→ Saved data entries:
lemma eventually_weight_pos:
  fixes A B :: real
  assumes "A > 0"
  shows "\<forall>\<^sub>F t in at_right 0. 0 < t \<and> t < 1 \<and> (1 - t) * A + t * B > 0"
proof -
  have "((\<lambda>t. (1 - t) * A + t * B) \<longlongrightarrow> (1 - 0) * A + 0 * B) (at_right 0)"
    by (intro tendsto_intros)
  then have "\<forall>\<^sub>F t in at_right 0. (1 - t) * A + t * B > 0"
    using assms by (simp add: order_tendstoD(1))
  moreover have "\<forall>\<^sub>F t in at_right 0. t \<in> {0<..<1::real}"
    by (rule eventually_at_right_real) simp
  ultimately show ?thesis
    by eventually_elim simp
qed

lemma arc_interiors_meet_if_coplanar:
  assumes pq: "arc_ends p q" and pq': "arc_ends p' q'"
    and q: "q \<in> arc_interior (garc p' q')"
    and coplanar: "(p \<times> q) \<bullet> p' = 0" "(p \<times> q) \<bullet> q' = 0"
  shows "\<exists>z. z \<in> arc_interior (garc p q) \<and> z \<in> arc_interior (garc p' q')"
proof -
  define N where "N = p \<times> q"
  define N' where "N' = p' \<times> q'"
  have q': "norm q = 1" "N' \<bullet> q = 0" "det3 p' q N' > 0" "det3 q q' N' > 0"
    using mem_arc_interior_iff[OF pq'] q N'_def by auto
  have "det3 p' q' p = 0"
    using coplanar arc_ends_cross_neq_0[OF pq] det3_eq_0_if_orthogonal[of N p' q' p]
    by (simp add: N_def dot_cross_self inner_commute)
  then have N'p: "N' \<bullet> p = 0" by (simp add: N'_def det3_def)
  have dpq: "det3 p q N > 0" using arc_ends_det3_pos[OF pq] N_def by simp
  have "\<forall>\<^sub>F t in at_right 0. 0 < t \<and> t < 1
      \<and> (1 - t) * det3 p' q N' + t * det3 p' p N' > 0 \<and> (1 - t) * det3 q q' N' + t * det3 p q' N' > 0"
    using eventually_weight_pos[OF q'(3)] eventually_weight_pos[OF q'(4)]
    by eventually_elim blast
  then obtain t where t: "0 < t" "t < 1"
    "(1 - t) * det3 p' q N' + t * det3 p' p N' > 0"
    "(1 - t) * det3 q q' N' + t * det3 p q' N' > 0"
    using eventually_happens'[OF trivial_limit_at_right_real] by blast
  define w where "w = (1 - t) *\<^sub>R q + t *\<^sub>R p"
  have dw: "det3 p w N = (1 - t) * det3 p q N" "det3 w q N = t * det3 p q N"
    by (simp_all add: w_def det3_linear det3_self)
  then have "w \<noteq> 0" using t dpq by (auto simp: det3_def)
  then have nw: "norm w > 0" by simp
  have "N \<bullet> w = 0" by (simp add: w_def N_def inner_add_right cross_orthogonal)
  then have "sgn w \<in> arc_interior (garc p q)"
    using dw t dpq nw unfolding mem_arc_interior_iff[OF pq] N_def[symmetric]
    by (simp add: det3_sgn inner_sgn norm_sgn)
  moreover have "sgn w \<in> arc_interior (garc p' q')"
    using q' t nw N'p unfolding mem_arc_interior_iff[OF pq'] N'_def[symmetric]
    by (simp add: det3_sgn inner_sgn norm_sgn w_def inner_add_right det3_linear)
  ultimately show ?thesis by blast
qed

→ PROBLEM TO WORK ON:
Repeat the data precisely, reproducing every entry.

→ WRITTEN RESPONSE:
lemma eventually_weight_pos:
  fixes A B :: real
  assumes "A > 0"
  shows "\<forall>\<^sub>F t in at_right 0. 0 < t \<and> t < 1 \<and> (1 - t) * A + t * B > 0"
proof -
  have "((\<lambda>t. (1 - t) * A + t * B) \<longlongrightarrow> (1 - 0) * A + 0 * B) (at_right 0)"
    by (intro tendsto_intros)
  then have "\<forall>\<^sub>F t in at_right 0. (1 - t) * A + t * B > 0"
    using assms by (simp add: order_tendstoD(1))
  moreover have "\<forall>\<^sub>F t in at_right 0. t \<in> {0<..<1::real}"
    by (rule eventually_at_right_real) simp
  ultimately show ?thesis
    by eventually_elim simp
qed

lemma arc_interiors_meet_if_coplanar:
  assumes pq: "arc_ends p q" and pq': "arc_ends p' q'"
    and q: "q \<in> arc_interior (garc p' q')"
    and coplanar: "(p \<times> q) \<bullet> p' = 0" "(p \<times> q) \<bullet> q' = 0"
  shows "\<exists>z. z \<in> arc_interior (garc p q) \<and> z \<in> arc_interior (garc p' q')"
proof -
  define N where "N = p \<times> q"
  define N' where "N' = p' \<times> q'"
  have q': "norm q = 1" "N' \<bullet> q = 0" "det3 p' q N' > 0" "det3 q q' N' > 0"
    using mem_arc_interior_iff[OF pq'] q N'_def by auto
  have "det3 p' q' p = 0"
    using coplanar arc_ends_cross_neq_0[OF pq] det3_eq_0_if_orthogonal[of N p' q' p]
    by (simp add: N_def dot_cross_self inner_commute)
  then have N'p: "N' \<bullet> p = 0" by (simp add: N'_def det3_def)
  have dpq: "det3 p q N > 0" using arc_ends_det3_pos[OF pq] N_def by simp
  have "\<forall>\<^sub>F t in at_right 0. 0 < t \<and> t < 1
      \<and> (1 - t) * det3 p' q N' + t * det3 p' p N' > 0 \<and> (1 - t) * det3 q q' N' + t * det3 p q' N' > 0"
    using eventually_weight_pos[OF q'(3)] eventually_weight_pos[OF q'(4)]
    by eventually_elim blast
  then obtain t where t: "0 < t" "t < 1"
    "(1 - t) * det3 p' q N' + t * det3 p' p N' > 0"
    "(1 - t) * det3 q q' N' + t * det3 p q' N' > 0"
    using eventually_happens'[OF trivial_limit_at_right_real] by blast
  define w where "w = (1 - t) *\<^sub>R q + t *\<^sub>R p"
  have dw: "det3 p w N = (1 - t) * det3 p q N" "det3 w q N = t * det3 p q N"
    by (simp_all add: w_def det3_linear det3_self)
  then have "w \<noteq> 0" using t dpq by (auto simp: det3_def)
  then have nw: "norm w > 0" by simp
  have "N \<bullet> w = 0" by (simp add: w_def N_def inner_add_right cross_orthogonal)
  then have "sgn w \<in> arc_interior (garc p q)"
    using dw t dpq nw unfolding mem_arc_interior_iff[OF pq] N_def[symmetric]
    by (simp add: det3_sgn inner_sgn norm_sgn)
  moreover have "sgn w \<in> arc_interior (garc p' q')"
    using q' t nw N'p unfolding mem_arc_interior_iff[OF pq'] N'_def[symmetric]
    by (simp add: det3_sgn inner_sgn norm_sgn w_def inner_add_right det3_linear)
  ultimately show ?thesis by blast
qed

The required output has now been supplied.